直接防護力
出典: フリー百科事典『ウィキペディア(Wikipedia)』 (2022/05/17 10:12 UTC 版)
防護力に関しては、新たに開発した複合装甲を使用している。また複合装甲以外の防弾鋼板も「結晶粒微細化鋼板」と呼ばれる鋼板が採用されている。この鋼板は多結晶体である鋼板内の結晶粒を微細化することで、結晶粒界の面積を増大させて敵弾による応力を分散させている。また粒界面積の増大は粒界に偏在する不純元素の濃度を薄め、敵弾命中によるへき開型の亀裂伝播を粒界が阻止する効果がある。これにより防御力を維持したまま軽量化を図っている。 2006年に公表された防衛省技術研究本部のウェブサイト内の資料である「公共調達の適正化について(平成18年8月25日付財計第2017号)に基づく随意契約に係る情報の公表(物品役務等)」には、岐阜県の神岡出張所にて実施される正面要部耐弾性試験に関する内容が記載されている。
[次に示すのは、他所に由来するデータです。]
(* Let m be the maximal ideal of R = F[[x,y]]. Each normal form N is a pair of cubic forms, and
   every g = N mod m^4 is brought to the form g = U * N(P), with U = 1 mod m and P = (x, y) mod m^2,
   by a Newton iteration in the m-adic topology: if the residual r = g - U * N(P) has order k >= 4
   and lies, modulo m^(k+1), in m^(k-3) N + J m^(k-2), where J is the Jacobian matrix of N, then
   the corresponding corrections of U and P raise the order of the residual, by Taylor expansion
   of N at (x, y). The corrections converge m-adically, and P defines an automorphism of R.
   In characteristic 2 the Jacobians of the four normal forms are nearly monomial, and the tangent
   space condition is verified monomial by monomial; for (x^3 + x^2 y, y^3 + lam x^2 y) it needs
   1 + lam to be invertible, i.e. lam ~= 1. Determinacy is invariant under contact equivalence,
   which carries it from N over to j_3(f). *)

unbundle fps_syntax

section \<open>Bivariate power series and their order\<close>

(* F $ i $ j is the coefficient of x^i y^j in F :: 'a bps. *)
type_synonym 'a bps = "'a fps fps"

definition bcoeff :: "'a::comm_ring_1 bps \<Rightarrow> nat \<Rightarrow> nat \<Rightarrow> 'a" where
  "bcoeff F i j = F $ i $ j"

definition Abs_bps :: "(nat \<Rightarrow> nat \<Rightarrow> 'a::comm_ring_1) \<Rightarrow> 'a bps" where
  "Abs_bps c = Abs_fps (\<lambda>i. Abs_fps (c i))"

definition bconst :: "'a::comm_ring_1 \<Rightarrow> 'a bps" where
  "bconst c = fps_const (fps_const c)"

definition bX :: "'a::comm_ring_1 bps" where
  "bX = fps_X"

definition bY :: "'a::comm_ring_1 bps" where
  "bY = fps_const fps_X"

definition bmonom :: "nat \<Rightarrow> nat \<Rightarrow> 'a::comm_ring_1 bps" where
  "bmonom i j = bX ^ i * bY ^ j"

lemma bcoeff_Abs_bps [simp]: "bcoeff (Abs_bps c) i j = c i j"
  by (simp add: bcoeff_def Abs_bps_def)

lemma bps_eqI: "(\<And>i j. bcoeff F i j = bcoeff G i j) \<Longrightarrow> F = G"
  by (simp add: bcoeff_def fps_ext)

lemma bcoeff_add [simp]: "bcoeff (F + G) i j = bcoeff F i j + bcoeff G i j"
  and bcoeff_diff [simp]: "bcoeff (F - G) i j = bcoeff F i j - bcoeff G i j"
  and bcoeff_minus [simp]: "bcoeff (- F) i j = - bcoeff F i j"
  and bcoeff_0 [simp]: "bcoeff 0 i j = 0"
  by (simp_all add: bcoeff_def)

lemma bcoeff_sum: "bcoeff (sum f A) i j = (\<Sum>x\<in>A. bcoeff (f x) i j)"
  by (induct A rule: infinite_finite_induct) (auto simp: bcoeff_def)

lemma bcoeff_mult:
  "bcoeff (F * G) i j = (\<Sum>a\<le>i. \<Sum>b\<le>j. bcoeff F a b * bcoeff G (i - a) (j - b))"
  by (simp add: bcoeff_def fps_mult_nth fps_sum_nth atLeast0AtMost)

lemma bcoeff_bconst: "bcoeff (bconst c) i j = (if i = 0 \<and> j = 0 then c else 0)"
  by (simp add: bcoeff_def bconst_def)

lemma bcoeff_1: "bcoeff 1 i j = (if i = 0 \<and> j = 0 then 1 else 0)"
  by (simp add: bcoeff_def fps_one_nth)

lemma bcoeff_bconst_mult [simp]: "bcoeff (bconst c * F) i j = c * bcoeff F i j"
  by (simp add: bcoeff_def bconst_def)

lemma bconst_add: "bconst (a + b) = bconst a + bconst b"
  and bconst_mult: "bconst (a * b) = bconst a * bconst b"
  and bconst_0 [simp]: "bconst 0 = 0"
  and bconst_1 [simp]: "bconst 1 = 1"
  and bconst_numeral [simp]: "bconst (numeral n) = numeral n"
  by (simp_all add: bconst_def fps_numeral_fps_const)

lemma bconst_sum: "bconst (sum f A) = (\<Sum>x\<in>A. bconst (f x))"
  by (induct A rule: infinite_finite_induct) (auto simp: bconst_add)

lemma bcoeff_bX_power_mult: "bcoeff (bX ^ a * F) i j = (if a \<le> i then bcoeff F (i - a) j else 0)"
  by (simp add: bcoeff_def bX_def fps_X_power_mult_nth)

lemma bcoeff_bY_power_mult: "bcoeff (bY ^ b * F) i j = (if b \<le> j then bcoeff F i (j - b) else 0)"
  by (simp add: bcoeff_def bY_def fps_X_power_mult_nth)

lemma bcoeff_bmonom: "bcoeff (bmonom a b) i j = (if i = a \<and> j = b then 1 else 0)"
proof -
  have "bcoeff (bX ^ a * (bY ^ b * 1)) i j = (if i = a \<and> j = b then 1 else 0)"
    by (simp add: bcoeff_bX_power_mult bcoeff_bY_power_mult bcoeff_1 del: mult_1_right)
  then show ?thesis by (simp add: bmonom_def)
qed

lemma bX_eq_bmonom: "bX = bmonom 1 0" and bY_eq_bmonom: "bY = bmonom 0 1"
  by (simp_all add: bmonom_def)

lemma bmonom_mult: "bmonom a b * bmonom c d = bmonom (a + c) (b + d)"
  by (simp add: bmonom_def power_add algebra_simps)

lemma fps_dvd_one_iff: "(f :: 'a::comm_ring_1 fps) dvd 1 \<longleftrightarrow> f $ 0 dvd 1"
proof
  assume "f dvd 1"
  then obtain g where "1 = f * g" by (auto elim: dvdE)
  then have "1 = f $ 0 * g $ 0" by (metis fps_mult_nth_0 fps_one_nth)
  then show "f $ 0 dvd 1" by (rule dvdI)
next
  assume "f $ 0 dvd 1"
  then obtain y where "1 = f $ 0 * y" by (auto elim: dvdE)
  then have "f * fps_right_inverse f y = 1" by (intro fps_right_inverse) simp
  then show "f dvd 1" by (metis dvdI)
qed

lemma bps_dvd_one_iff: "F dvd 1 \<longleftrightarrow> bcoeff F 0 0 dvd 1"
  by (simp add: bcoeff_def fps_dvd_one_iff)

definition ord_ge :: "nat \<Rightarrow> 'a::comm_ring_1 bps \<Rightarrow> bool" where
  "ord_ge k F \<longleftrightarrow> (\<forall>i j. i + j < k \<longrightarrow> bcoeff F i j = 0)"

lemma ord_ge_0 [simp]: "ord_ge 0 F"
  and ord_ge_zero [simp]: "ord_ge k 0"
  by (simp_all add: ord_ge_def)

lemma ord_ge_1_iff: "ord_ge (Suc 0) F \<longleftrightarrow> bcoeff F 0 0 = 0"
  by (simp add: ord_ge_def)

lemma ord_ge_mono: "ord_ge k F \<Longrightarrow> j \<le> k \<Longrightarrow> ord_ge j F"
  by (auto simp: ord_ge_def)

lemma ord_ge_add: "ord_ge k F \<Longrightarrow> ord_ge k G \<Longrightarrow> ord_ge k (F + G)"
  and ord_ge_diff: "ord_ge k F \<Longrightarrow> ord_ge k G \<Longrightarrow> ord_ge k (F - G)"
  and ord_ge_uminus: "ord_ge k F \<Longrightarrow> ord_ge k (- F)"
  by (auto simp: ord_ge_def)

lemma ord_ge_sum: "(\<And>x. x \<in> A \<Longrightarrow> ord_ge k (f x)) \<Longrightarrow> ord_ge k (sum f A)"
  by (auto simp: ord_ge_def bcoeff_sum intro!: sum.neutral)

lemma ord_ge_mult:
  assumes F: "ord_ge a F" and G: "ord_ge b G" and k: "k \<le> a + b"
  shows "ord_ge k (F * G)"
  unfolding ord_ge_def bcoeff_mult
proof (intro allI impI sum.neutral ballI)
  fix i j c d assume "i + j < k" "c \<in> {..i}" "d \<in> {..j}"
  then show "bcoeff F c d * bcoeff G (i - c) (j - d) = 0"
    using F G k by (cases "c + d < a") (auto simp: ord_ge_def)
qed

lemma ord_ge_mult_left: "ord_ge k F \<Longrightarrow> ord_ge k (s * F)"
  using ord_ge_mult[of 0 s k F k] by simp

lemma ord_ge_power: "ord_ge a F \<Longrightarrow> k \<le> a * n \<Longrightarrow> ord_ge k (F ^ n)"
proof (induct n arbitrary: k)
  case (Suc n)
  then show ?case unfolding power_Suc by (intro ord_ge_mult[of a F "a * n"]) auto
qed (simp add: ord_ge_def)

lemma ord_ge_mult_diff:
  assumes "ord_ge k (A - A')" "ord_ge k (B - B')"
  shows "ord_ge k (A * B - A' * B')"
proof -
  have "A * B - A' * B' = (A - A') * B + A' * (B - B')" by (simp add: algebra_simps)
  then show ?thesis
    using assms by (metis ord_ge_add ord_ge_mult_left mult.commute)
qed

lemma ord_ge_bmonom: "k \<le> i + j \<Longrightarrow> ord_ge k (bmonom i j)"
  by (auto simp: ord_ge_def bcoeff_bmonom)

lemma ord_ge_bX [simp]: "ord_ge (Suc 0) bX" and ord_ge_bY [simp]: "ord_ge (Suc 0) bY"
  by (simp_all add: bX_eq_bmonom bY_eq_bmonom ord_ge_bmonom)

lemma ord_ge_eqI: "(\<And>k. ord_ge k (F - G)) \<Longrightarrow> F = G"
  by (rule bps_eqI) (auto simp: ord_ge_def)

lemma ord_ge_Suc_decomp:
  assumes "ord_ge (Suc k) F"
  obtains A B where "F = bX * A + bY * B" "ord_ge k A" "ord_ge k B"
proof
  define A where "A = Abs_bps (\<lambda>i j. bcoeff F (i + 1) j)"
  define B where "B = Abs_bps (\<lambda>i j. if i = 0 then bcoeff F 0 (j + 1) else 0)"
  show "F = bX * A + bY * B"
  proof (rule bps_eqI)
    fix i j
    show "bcoeff F i j = bcoeff (bX * A + bY * B) i j"
      using assms bcoeff_bX_power_mult[of 1 A i j] bcoeff_bY_power_mult[of 1 B i j]
      by (cases i; cases j) (auto simp: A_def B_def ord_ge_def)
  qed
  show "ord_ge k A" "ord_ge k B" using assms by (auto simp: ord_ge_def A_def B_def)
qed

lemma ord_ge_cauchy_limit:
  assumes cauchy: "\<And>m. ord_ge m (s (Suc m) - s m)"
  obtains L where "\<And>m. ord_ge m (L - s m)"
proof
  have tail: "ord_ge m (s m' - s m)" if "m \<le> m'" for m m'
    using that
  proof (induct m' rule: dec_induct)
    case (step n)
    have "s (Suc n) - s m = (s (Suc n) - s n) + (s n - s m)" by simp
    then show ?case using step ord_ge_mono[OF cauchy[of n]] by (metis ord_ge_add)
  qed simp
  define L where "L = Abs_bps (\<lambda>i j. bcoeff (s (i + j + 1)) i j)"
  show "ord_ge m (L - s m)" for m
    unfolding ord_ge_def
  proof (intro allI impI)
    fix i j assume "i + j < m"
    then have "ord_ge (i + j + 1) (s m - s (i + j + 1))" by (intro tail) simp
    then show "bcoeff (L - s m) i j = 0" by (simp add: ord_ge_def L_def)
  qed
qed

definition hom_part :: "nat \<Rightarrow> 'a::comm_ring_1 bps \<Rightarrow> 'a bps" where
  "hom_part k F = (\<Sum>i\<le>k. bconst (bcoeff F i (k - i)) * bmonom i (k - i))"
lemma card_singular_hankels:
  fixes a :: "'a::{field,finite} list"
  assumes "length a \<le> n"
  shows "card (singular_hankels n a) = card (UNIV :: 'a set) ^ (2 * n - length a)"
  using assms
proof (induction n arbitrary: a rule: less_induct)
  case (less n)
  have full_prefix: "card (singular_hankels n b) = card (UNIV :: 'a set) ^ n"
    if "length b = n" for b :: "'a list"
  proof (cases "\<forall>t<n. b ! t = 0")
    case True
    then show ?thesis using that by (intro card_singular_hankels_zero_prefix) auto
  next
    case False
    then obtain m where "m < n" "b ! m \<noteq> 0" "\<And>t. t < m \<Longrightarrow> b ! t = 0"
      using exists_least_iff[of "\<lambda>t. t < n \<and> b ! t \<noteq> 0"] by (metis order.strict_trans)
    then show ?thesis
      using that less.IH by (intro card_singular_hankels_pivot) auto
  qed
  let ?A = "{xs :: 'a list. length xs = 2 * n + 1 \<and> det (hankel n xs) = 0}"
  have "singular_hankels n a = {xs \<in> ?A. take (length a) xs = a}"
    by (auto simp: singular_hankels_def)
  also have "card \<dots> = card (UNIV :: 'a set) ^ (n - length a) * card (UNIV :: 'a set) ^ n"
  proof (rule card_prefix_refine)
    show "finite ?A"
      using finite_lists_length_eq[of "UNIV :: 'a set" "2 * n + 1"] by (auto intro: finite_subset)
    show "card {xs \<in> ?A. take n xs = a @ b} = card (UNIV :: 'a set) ^ n"
      if "length b = n - length a" for b
      using full_prefix[of "a @ b"] that less.prems
      by (simp add: singular_hankels_def conj_commute conj_left_commute)
  qed (use less.prems in auto)
  finally show ?case using less.prems by (simp add: mult_2 flip: power_add)
qed

theorem corollary4:
  fixes a :: "'a::{field,finite} list" and k n :: nat
  assumes "k \<le> n" and "length a = k"
  shows "card {xs :: 'a list. length xs = 2*n+1 \<and> take k xs = a \<and> det (hankel n xs) = 0}
         = card (UNIV :: 'a set) ^ (2*n - k)"
  using card_singular_hankels[of a n] assms by (simp add: singular_hankels_def)

end
lemma tv_bind_le:
  fixes \<mu> \<nu> :: "'a::topological_space measure" and Q :: "'a \<Rightarrow> 'b::topological_space measure"
  assumes \<mu>: "\<mu> \<in> space (prob_algebra borel)" and \<nu>: "\<nu> \<in> space (prob_algebra borel)"
    and Q: "Q \<in> borel \<rightarrow>\<^sub>M prob_algebra borel"
    and \<delta>: "\<And>y1 y2. tv (Q y1) (Q y2) \<le> \<delta>"
  shows "tv (bind \<mu> Q) (bind \<nu> Q) \<le> \<delta> * tv \<mu> \<nu>"
proof (rule tv_le)
  fix A :: "'b set" assume A: "A \<in> sets borel"
  have Q_sub: "Q \<in> borel \<rightarrow>\<^sub>M subprob_algebra borel"
    by (rule measurable_prob_algebraD[OF Q])
  have Q_prob: "prob_space (Q y)" for y
    using measurable_space[OF Q] by (simp add: space_prob_algebra)
  have measure_bind: "measure (bind M Q) A = (\<integral>y. measure (Q y) A \<partial>M)"
    if "M \<in> space (prob_algebra borel)" for M :: "'a measure"
  proof -
    have M: "prob_space M" and sets_M: "sets M = sets borel"
      using that by (auto simp: space_prob_algebra)
    have "Q \<in> M \<rightarrow>\<^sub>M subprob_algebra borel"
      using Q_sub by (subst measurable_cong_sets[OF sets_M refl])
    then show ?thesis
      using subprob_space.measure_bind[OF prob_space_imp_subprob_space[OF M] _ A] by blast
  qed
  have "(\<lambda>y. measure (Q y) A) \<in> borel_measurable borel"
    by (rule measurable_compose[OF Q_sub measurable_measure_subprob_algebra[OF A]])
  moreover have "\<bar>measure (Q y1) A - measure (Q y2) A\<bar> \<le> \<delta>" for y1 y2
    using abs_measure_diff_le_tv[OF Q_prob[of y1] Q_prob[of y2] A] \<delta>[of y1 y2] by linarith
  ultimately show "\<bar>measure (bind \<mu> Q) A - measure (bind \<nu> Q) A\<bar> \<le> \<delta> * tv \<mu> \<nu>"
    unfolding measure_bind[OF \<mu>] measure_bind[OF \<nu>] by (rule abs_integral_diff_le_tv[OF \<mu> \<nu>])
qed

lemma tv_mstep_mult_le:
  assumes P: "P \<in> borel \<rightarrow>\<^sub>M prob_algebra borel"
    and \<delta>: "\<And>y1 y2. tv (mstep P m y1) (mstep P m y2) \<le> \<delta>"
  shows "tv (mstep P (n * m) x1) (mstep P (n * m) x2) \<le> \<delta> ^ n"
proof (induction n arbitrary: x1 x2)
  case 0
  show ?case using tv_le_1[OF prob_space_mstep[OF P] prob_space_mstep[OF P], of 0 x1 0 x2] by simp
next
  case (Suc n)
  have "0 \<le> \<delta>"
    using order.trans[OF tv_nonneg[OF prob_space_mstep[OF P] prob_space_mstep[OF P]] \<delta>] .
  have "mstep P (Suc n * m) x = bind (mstep P (n * m) x) (mstep P m)" for x
    using mstep_add[OF P, of "n * m" m x] by (simp add: add.commute)
  then have "tv (mstep P (Suc n * m) x1) (mstep P (Suc n * m) x2)
      \<le> \<delta> * tv (mstep P (n * m) x1) (mstep P (n * m) x2)"
    using tv_bind_le[OF mstep_in_prob_algebra[OF P] mstep_in_prob_algebra[OF P]
        mstep_measurable[OF P] \<delta>] by simp
  also have "\<dots> \<le> \<delta> * \<delta> ^ n"
    using Suc.IH \<open>0 \<le> \<delta>\<close> by (rule mult_left_mono)
  finally show ?case by simp
qed

lemma
  assumes P: "P \<in> borel \<rightarrow>\<^sub>M prob_algebra borel"
  shows alpha_nonneg: "0 \<le> alpha P m x1 x2" and alpha_le_1: "alpha P m x1 x2 \<le> 1"
    and tv_mstep_le_1_minus_alpha: "tv (mstep P m x1) (mstep P m x2) \<le> 1 - alpha P m x1 x2"
proof -
  have alpha: "alpha P m x1 x2 = measure (min_measure (mstep P m x1) (mstep P m x2)) (space (mstep P m x1))"
    by (simp add: alpha_def space_mstep[OF P])
  have "sets (mstep P m x2) = sets (mstep P m x1)" by (simp add: sets_mstep[OF P])
  note prems = prob_space_mstep[OF P] prob_space_mstep[OF P] this
  show "0 \<le> alpha P m x1 x2" by (simp add: alpha_def)
  show "alpha P m x1 x2 \<le> 1"
    unfolding alpha by (rule measure_min_measure_space_le_1[OF prems])
  show "tv (mstep P m x1) (mstep P m x2) \<le> 1 - alpha P m x1 x2"
    unfolding alpha using abs_measure_diff_le_1_minus_measure_min_measure[OF prems]
    by (intro tv_le) (simp add: sets_mstep[OF P])
qed

lemma emeasure_residual_product_space:
  assumes \<mu>: "prob_space \<mu>" and \<nu>: "prob_space \<nu>" and sets_eq: "sets \<nu> = sets \<mu>"
  defines "\<alpha> \<equiv> measure (min_measure \<mu> \<nu>) (space \<mu>)"
  shows "emeasure (residual_measure \<mu> \<nu> \<Otimes>\<^sub>M residual_measure \<nu> \<mu>)
      (space (residual_measure \<mu> \<nu> \<Otimes>\<^sub>M residual_measure \<nu> \<mu>)) = ennreal (1 - \<alpha>) * ennreal (1 - \<alpha>)"
proof -
  have space_eq: "space \<nu> = space \<mu>" using sets_eq_imp_space_eq[OF sets_eq] .
  have mass: "emeasure (residual_measure \<mu> \<nu>) (space \<mu>) = ennreal (1 - \<alpha>)"
      "emeasure (residual_measure \<nu> \<mu>) (space \<mu>) = ennreal (1 - \<alpha>)"
    using emeasure_residual_measure_space[OF \<mu> \<nu> sets_eq]
      emeasure_residual_measure_space[OF \<nu> \<mu> sets_eq[symmetric]]
      measure_min_measure_space_commute[OF \<nu> \<mu> sets_eq[symmetric]]
    by (simp_all add: \<alpha>_def space_eq)
  then have "finite_measure (residual_measure \<nu> \<mu>)"
    by (intro finite_measureI) (simp add: space_residual_measure space_eq)
  then show ?thesis
    using emeasure_pair_measure_space[of "residual_measure \<nu> \<mu>" "residual_measure \<mu> \<nu>"]
    by (simp add: space_residual_measure space_eq mass)
qed

lemma coupling_weights_sum:
  fixes a :: real
  assumes "0 \<le> a" "a \<le> 1"
  shows "(if 0 < a then 1 else 0) * ennreal a
     + (if a < 1 then ennreal (1 / (1 - a)) else 0) * (ennreal (1 - a) * ennreal (1 - a)) = 1"
proof (cases "0 < a \<and> a < 1")
  case True
  then have "ennreal (1 / (1 - a)) * (ennreal (1 - a) * ennreal (1 - a)) = ennreal (1 - a)"
    by (simp add: ennreal_mult[symmetric])
  then show ?thesis using True by (simp add: ennreal_plus[symmetric] del: ennreal_plus)
next
  case False
  then have "a = 0 \<or> a = 1" using assms by auto
  then show ?thesis by auto
qed

lemma prob_space_coupling_mixture:
  fixes \<mu>1 \<mu>2 :: "'a::topological_space measure"
  assumes prob: "prob_space \<mu>1" "prob_space \<mu>2" and sets: "sets \<mu>1 = sets borel" "sets \<mu>2 = sets borel"
  defines "a \<equiv> measure (min_measure \<mu>1 \<mu>2) (space borel)"
  shows "prob_space (measure_of (space (borel \<Otimes>\<^sub>M borel)) (sets (borel \<Otimes>\<^sub>M borel))
     (\<lambda>C. (if a > 0 then emeasure (distr (min_measure \<mu>1 \<mu>2) (borel \<Otimes>\<^sub>M borel) (\<lambda>y. (y, y))) C else 0)
        + (if a < 1 then ennreal (1 / (1 - a)) *
             emeasure (residual_measure \<mu>1 \<mu>2 \<Otimes>\<^sub>M residual_measure \<mu>2 \<mu>1) C
           else 0)))"
    (is "prob_space ?K")
proof -
  let ?B2 = "borel \<Otimes>\<^sub>M borel :: ('a \<times> 'a) measure"
  define D1 where "D1 = distr (min_measure \<mu>1 \<mu>2) ?B2 (\<lambda>y. (y, y))"
  define D2 where "D2 = residual_measure \<mu>1 \<mu>2 \<Otimes>\<^sub>M residual_measure \<mu>2 \<mu>1"
  have sets21: "sets \<mu>2 = sets \<mu>1" using sets by simp
  have space: "space \<mu>1 = space borel" "space \<mu>2 = space borel"
    using sets_eq_imp_space_eq[OF sets(1)] sets_eq_imp_space_eq[OF sets(2)] by auto
  have a: "a = measure (min_measure \<mu>1 \<mu>2) (space \<mu>1)"
    by (simp add: a_def space)
  have "0 \<le> a" "a \<le> 1"
    using measure_min_measure_space_le_1[OF prob sets21] by (auto simp: a)
  have sets_D1: "sets D1 = sets ?B2" unfolding D1_def by simp
  have sets_D2: "sets D2 = sets ?B2"
    unfolding D2_def by (rule sets_pair_measure_cong) (simp_all add: sets_residual_measure sets)
  have mass_D1: "emeasure D1 (space ?B2) = ennreal a"
    unfolding D1_def using emeasure_min_measure_space[OF prob sets21]
    by (simp add: emeasure_diagonal_space sets_min_measure space_min_measure sets a)
  have "emeasure D2 (space D2) = ennreal (1 - a) * ennreal (1 - a)"
    unfolding D2_def a using emeasure_residual_product_space[OF prob sets21] .
  then have mass_D2: "emeasure D2 (space ?B2) = ennreal (1 - a) * ennreal (1 - a)"
    using sets_eq_imp_space_eq[OF sets_D2] by simp
  have K: "?K = measure_of (space ?B2) (sets ?B2)
      (\<lambda>C. (if 0 < a then 1 else 0) * emeasure D1 C
         + (if a < 1 then ennreal (1 / (1 - a)) else 0) * emeasure D2 C)"
    by (simp add: D1_def D2_def)
  have "emeasure ?K (space ?K) = 1"
    unfolding K using coupling_weights_sum \<open>0 \<le> a\<close> \<open>a \<le> 1\<close>
    by (simp add: emeasure_measure_of_linear_combination[OF sets_D1 sets_D2] mass_D1 mass_D2)
  then show ?thesis by (rule prob_spaceI)
qed

lemma prob_space_Kcoup:
  fixes P :: "'a::topological_space \<Rightarrow> 'a measure"
  assumes P: "P \<in> borel \<rightarrow>\<^sub>M prob_algebra borel"
  shows "prob_space (Kcoup P m z)"
proof (cases "fst z = snd z")
  case True
  have "(\<lambda>y. (y, y)) \<in> mstep P m (fst z) \<rightarrow>\<^sub>M (borel \<Otimes>\<^sub>M borel :: ('a \<times> 'a) measure)"
    by (subst measurable_cong_sets[OF sets_mstep[OF P] refl]) measurable
  then show ?thesis
    using prob_space.prob_space_distr[OF prob_space_mstep[OF P]] True by (simp add: Kcoup_def)
next
  case False
  show ?thesis
    unfolding Kcoup_def Let_def alpha_def if_not_P[OF False]
    by (rule prob_space_coupling_mixture[OF prob_space_mstep[OF P] prob_space_mstep[OF P]
          sets_mstep[OF P] sets_mstep[OF P]])
qed

lemma abs_Vop_le_1:
  assumes P: "P \<in> borel \<rightarrow>\<^sub>M prob_algebra borel" and h: "\<And>y. \<bar>h y\<bar> \<le> (1::real)"
  shows "\<bar>Vop P m h z\<bar> \<le> 1"
proof -
  have "0 \<le> 1 - alpha P m (fst z) (snd z)" "1 - alpha P m (fst z) (snd z) \<le> 1"
    using alpha_nonneg[OF P] alpha_le_1[OF P] by auto
  then show ?thesis
    unfolding Vop_def abs_mult
    using abs_integral_le_1[OF prob_space_Kcoup[OF P] h] by (simp add: mult_le_one)
qed

lemma abs_Vop_le_Vnorm:
  assumes P: "P \<in> borel \<rightarrow>\<^sub>M prob_algebra borel"
    and "h \<in> borel_measurable (borel \<Otimes>\<^sub>M borel)" and "\<And>y. \<bar>h y\<bar> \<le> 1"
  shows "\<bar>Vop P m h z\<bar> \<le> Vnorm P m"
  unfolding Vnorm_def
proof (rule cSup_upper)
  show "\<bar>Vop P m h z\<bar> \<in> {\<bar>Vop P m h z\<bar> | h z.
      h \<in> borel_measurable (borel \<Otimes>\<^sub>M borel) \<and> (\<forall>y. \<bar>h y\<bar> \<le> 1)}"
    using assms(2,3) by blast
  show "bdd_above {\<bar>Vop P m h z\<bar> | h z.
      h \<in> borel_measurable (borel \<Otimes>\<^sub>M borel) \<and> (\<forall>y. \<bar>h y\<bar> \<le> 1)}"
    using abs_Vop_le_1[OF P] by (intro bdd_aboveI[where M=1]) blast
qed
これによると新型試作砲である120mm架台砲IV型、そして新型試作砲弾である徹甲弾IV型を用いること、それらを用いた射距離250メートルの射撃により砲塔正面左右および防楯、車体正面モジュール型装甲の耐弾性評価を実施するとされる。 列国の軍隊の現存する様々な砲弾に対して全て抗堪できる優れた防護能力を持っている。 炭素繊維やセラミックスの装甲板への使用や、小型化などにより全備重量は90式より約12%ほど軽量になったとされる。しかし複合装甲だけに限って見れば砲塔車体共に90式より重量が増しており、特に車体は二倍以上の重量がある。これはチャレンジャー2戦車がイラクで撃破された戦訓を取り入れたものと考えられている。 正面要部(砲塔・車体正面)には90式と同じく複合装甲が組み込まれており、90式は内装式モジュール装甲であると言われているが10式戦車の場合は砲塔正面、車体正面とも外装式モジュール装甲と報じられている。装甲板は取り外し可能なので、任務の性質や重量制限などに応じて、装甲の程度を選択できる自由度を持つ。 耐弾試験では155㎜砲弾の弾片、至近距離からの35ミリ機関砲による側面掃射、対戦車ロケット弾による側面攻撃、また付加装甲を装着してのトップアタック対戦車ミサイルによる攻撃にも全て抗堪し非常に優秀な防護力を保有している事がうかがえる 正面要部には、複数本のボルトで固定された装甲板が確認できる。砲塔部の装甲板は先端が楔形であり空間装甲としての効果などがあると考えられている。また、操縦士用ハッチ上方の一部の部分は内側に引き込まれる形で垂直になっており、この垂直部分を隔てた更に奥に複合装甲からなる主装甲が存在する。車体部の装甲板の内側には前照灯が確認できる。砲塔部・車体部どちらの装甲板も、90式のキャンバスカバーのように正面要部を覆うようにボルトで取り付けられている。 90式の防盾は正面投影面積が左右対称だったが、10式では直接照準眼鏡と連装銃のない側である防盾右半分の面積を小さくしている。 砲塔本体の両側面には分割式の増加装甲が装着されており、試験映像ではこれが取り外された状態で走行・射撃試験が行われている。この増加装甲は空間装甲と物入れを兼ねており、必要に応じて内部に装甲を追加するという見方がある。この根拠として、ニコニコ超会議2の会場への10式戦車の搬入は44トンの状態とされる側面や正面の増加装甲をつけた見た目のまま制限重量40トンの73式特大型セミトレーラで行われたことがあげられる。以上のことから通常外部に見えている正面や側面の増加装甲とされるものは増加装甲のカバーまたは物入れであり、10式戦車の44トンの状態の増加装甲は装甲カバーの内部に全く見えない形で装着される事がわかる。また、砲塔上面は二重構造で爆発反応装甲も追加できるとされているほか、砲塔と車体の側面には複数種類の増加装甲を装着可能とされているが最大限装甲を付加したとされる48トンの状態は一度も公開されたことがなくどのような外観になるかは不明である。